The Lifted Index is a simple stability score derived from the temperature profile of the atmosphere. Forecasters calculate it by lifting a parcel of air from near the surface to around 500 hPa and comparing its temperature with the surrounding air at that level. If the parcel ends up warmer than the environment, it is buoyant and the index is negative, favouring showers and thunderstorms. If the parcel is cooler, the index is positive and the atmosphere resists convection. On ngmeteo.com, the Lifted Index map on lifted-index.php shows these values across Europe and beyond, updated from models such as GFS and ECMWF.
Reading positive and negative values
Strongly positive values, above about +4, indicate a stable atmosphere where surface heating may produce haze or fair-weather cumulus but little deep convection. Values between +1 and +4 are weakly stable; storms are unlikely unless strong forcing arrives. Near zero, the air mass is neutral and small changes in heating or moisture can tip the balance. Negative values signal instability: roughly -2 to -6 supports scattered thunderstorms, while values below about -6 point to a highly unstable regime where severe storms are possible if moisture and wind shear cooperate. Because Lifted Index uses a fixed lifting level, it can miss elevated convection, where storms form from a warm layer above the surface while the ground remains stable.

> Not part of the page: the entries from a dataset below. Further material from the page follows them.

lemma range_defect_mult_range:
  fixes X :: "nat \<Rightarrow> nat \<Rightarrow> 'a::comm_ring_1"
  assumes sel: "square_selection {..<n} m I J" "length I = m" and "a < n"
  shows "(\<Sum>j<n. range_defect X I J a j * (\<Sum>k<m. X j k * x k)) = 0"
proof -
  have m: "length J = m" using sel by (simp add: square_selection_def)
  have "(\<Sum>j<n. (\<Sum>k<m. X a k * adj_left_inverse X I J k j) * (\<Sum>k'<m. X j k' * x k'))
      = (\<Sum>k<m. X a k * (\<Sum>j<n. adj_left_inverse X I J k j * (\<Sum>k'<m. X j k' * x k')))"
    by (rule sum_sum_mult_assoc)
  also have "\<dots> = (\<Sum>k<m. X a k * (det (submat X I J) * x k))"
    by (intro sum.cong refl) (simp add: adj_left_inverse_mult[OF sel])
  also have "\<dots> = det (submat X I J) * (\<Sum>k<m. X a k * x k)"
    by (simp add: sum_distrib_left mult_ac)
  finally show ?thesis
    using \<open>a < n\<close> by (simp add: range_defect_def m left_diff_distrib sum_subtractf
        mult_delta_left)
qed

lemma range_defect_kernel:
  assumes "a < n" and "(\<Sum>j<n. range_defect X I J a j * w j) = 0"
  shows "(\<Sum>k<length J. X a k * (\<Sum>j<n. adj_left_inverse X I J k j * w j)) = det (submat X I J) * w a"
proof -
  have "(\<Sum>k<length J. X a k * (\<Sum>j<n. adj_left_inverse X I J k j * w j))
      = (\<Sum>j<n. (\<Sum>k<length J. X a k * adj_left_inverse X I J k j) * w j)"
    by (rule sum_sum_mult_assoc[symmetric])
  then show ?thesis
    using assms by (simp add: range_defect_def left_diff_distrib sum_subtractf
        mult_delta_left)
qed

lemma gram_quadratic_form:
  fixes X :: "nat \<Rightarrow> nat \<Rightarrow> complex"
  shows "(\<Sum>j<m. \<Sum>k<m. cnj (x j) * x k * (\<Sum>a<n. cnj (X a j) * X a k))
       = (\<Sum>a<n. cnj (\<Sum>j<m. X a j * x j) * (\<Sum>k<m. X a k * x k))"
proof -
  have "(\<Sum>j<m. \<Sum>k<m. cnj (x j) * x k * (\<Sum>a<n. cnj (X a j) * X a k))
      = (\<Sum>j<m. \<Sum>k<m. \<Sum>a<n. cnj (X a j * x j) * (X a k * x k))"
    by (simp add: sum_distrib_left mult_ac)
  also have "\<dots> = (\<Sum>j<m. \<Sum>a<n. \<Sum>k<m. cnj (X a j * x j) * (X a k * x k))"
    by (intro sum.cong refl sum.swap)
  also have "\<dots> = (\<Sum>a<n. \<Sum>j<m. \<Sum>k<m. cnj (X a j * x j) * (X a k * x k))"
    by (rule sum.swap)
  also have "\<dots> = (\<Sum>a<n. cnj (\<Sum>j<m. X a j * x j) * (\<Sum>k<m. X a k * x k))"
    by (simp only: sum_product cnj_sum)
  finally show ?thesis .
qed

text \<open>For X x = 0 the Gram form gives |x|^2 = -x^* (X^* X - 1) x \<le> \<epsilon> (\<Sum>|x_j|)^2 \<le> \<epsilon> m |x|^2.\<close>

lemma injective_if_gram_near_identity:
  fixes X :: "nat \<Rightarrow> nat \<Rightarrow> complex"
  assumes near: "\<And>j k. j < m \<Longrightarrow> k < m \<Longrightarrow>
      cmod ((\<Sum>a<n. cnj (X a j) * X a k) - (if j = k then 1 else 0)) \<le> \<epsilon>"
    and small: "\<epsilon> * real m < 1"
    and kernel: "\<forall>a<n. (\<Sum>k<m. X a k * x k) = 0"
  shows "\<forall>k<m. x k = 0"
proof (cases "m = 0")
  case False
  define S where "S = (\<Sum>j<m. (cmod (x j))\<^sup>2)"
  define E where "E = (\<Sum>j<m. \<Sum>k<m. cnj (x j) * x k *
      ((\<Sum>a<n. cnj (X a j) * X a k) - (if j = k then 1 else 0)))"
  have "0 \<le> S" unfolding S_def by (simp add: sum_nonneg)
  have "0 \<le> \<epsilon>" using near[of 0 0] False by (auto intro: order_trans[OF norm_ge_zero])
  have "(\<Sum>j<m. \<Sum>k<m. cnj (x j) * x k * (if j = k then 1 else 0)) = (\<Sum>j<m. cnj (x j) * x j)"
    by (simp add: mult_delta_right)
  also have "\<dots> = of_real S"
    unfolding S_def of_real_sum by (intro sum.cong refl) (simp only: complex_norm_square mult.commute)
  finally have diagonal: "(\<Sum>j<m. \<Sum>k<m. cnj (x j) * x k * (if j = k then 1 else 0)) = of_real S" .
  have "of_real S + E = (\<Sum>j<m. \<Sum>k<m. cnj (x j) * x k * (\<Sum>a<n. cnj (X a j) * X a k))"
    unfolding diagonal[symmetric] E_def sum.distrib[symmetric] by (simp add: algebra_simps)
  also have "\<dots> = 0"
    using kernel by (simp add: gram_quadratic_form)
  finally have "E = - of_real S" by (simp add: eq_neg_iff_add_eq_0 add.commute)
  then have "S = cmod E" using \<open>0 \<le> S\<close> by simp
  also have "\<dots> \<le> (\<Sum>j<m. \<Sum>k<m. \<epsilon> * (cmod (x j) * cmod (x k)))"
    unfolding E_def
  proof (rule order_trans[OF norm_sum sum_mono[OF order_trans[OF norm_sum sum_mono]]])
    fix j k assume "j \<in> {..<m}" "k \<in> {..<m}"
    let ?d = "(\<Sum>a<n. cnj (X a j) * X a k) - (if j = k then 1 else 0)"
    have "cmod (cnj (x j) * x k * ?d) = (cmod (x j) * cmod (x k)) * cmod ?d"
      by (simp only: norm_mult complex_mod_cnj)
    also have "\<dots> \<le> (cmod (x j) * cmod (x k)) * \<epsilon>"
      using near[of j k] \<open>j \<in> {..<m}\<close> \<open>k \<in> {..<m}\<close> by (intro mult_left_mono) simp_all
    finally show "cmod (cnj (x j) * x k * ?d) \<le> \<epsilon> * (cmod (x j) * cmod (x k))"
      by (simp only: mult.commute)
  qed
  also have "\<dots> = \<epsilon> * (\<Sum>j<m. cmod (x j))\<^sup>2"
    by (simp add: power2_eq_square sum_product flip: sum_distrib_left)
  also have "\<dots> \<le> \<epsilon> * (S * real m)"
    unfolding S_def using sum_squared_le_sum_of_squares[of "\<lambda>j. cmod (x j)" "{..<m}"] \<open>0 \<le> \<epsilon>\<close>
    by (intro mult_left_mono) simp_all
  finally have "S * (1 - \<epsilon> * real m) \<le> 0" by (simp add: algebra_simps)
  then have "S = 0"
    using small \<open>0 \<le> S\<close> by (simp add: mult_le_0_iff)
  then show ?thesis by (simp add: S_def sum_nonneg_eq_0_iff)
qed simp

Lifted Index and CAPE together
CAPE on cape.php answers a different question: how much energy an updraft could tap once lifting begins. A day can show moderately negative Lifted Index with modest CAPE, producing ordinary afternoon showers, or strongly negative Lifted Index with very high CAPE, a more serious setup. Conversely, high CAPE with a positive Lifted Index may mean instability aloft that surface-based storms cannot easily access until a front or gust front provides lift. Check both layers at the same forecast hour and model run. When they agree on a broad unstable zone, confidence increases that convection is possible; when they disagree, look at the wind and pressure maps on ngmeteo.com to see whether forcing along a front, sea breeze or mountain slope could resolve the ambiguity.
Using Lifted Index in planning
Lifted Index is most useful one to three days ahead for spotting air masses with thunder potential, less for pinning down exact storm locations. Animate the forecast loop: a negative index that strengthens through the afternoon confirms a classic diurnal thunder pattern, while instability that appears suddenly at night may signal elevated storms or an approaching system. Compare models; if only one run shows a pocket below -6, treat it cautiously. For outdoor events, pair Lifted Index with live radar on ngmeteo.com when the index turns negative in your region, because timing and cell movement matter as much as the stability number itself. Lifted Index is a quick stability thermometer; CAPE and radar tell you how strong and where storms may develop.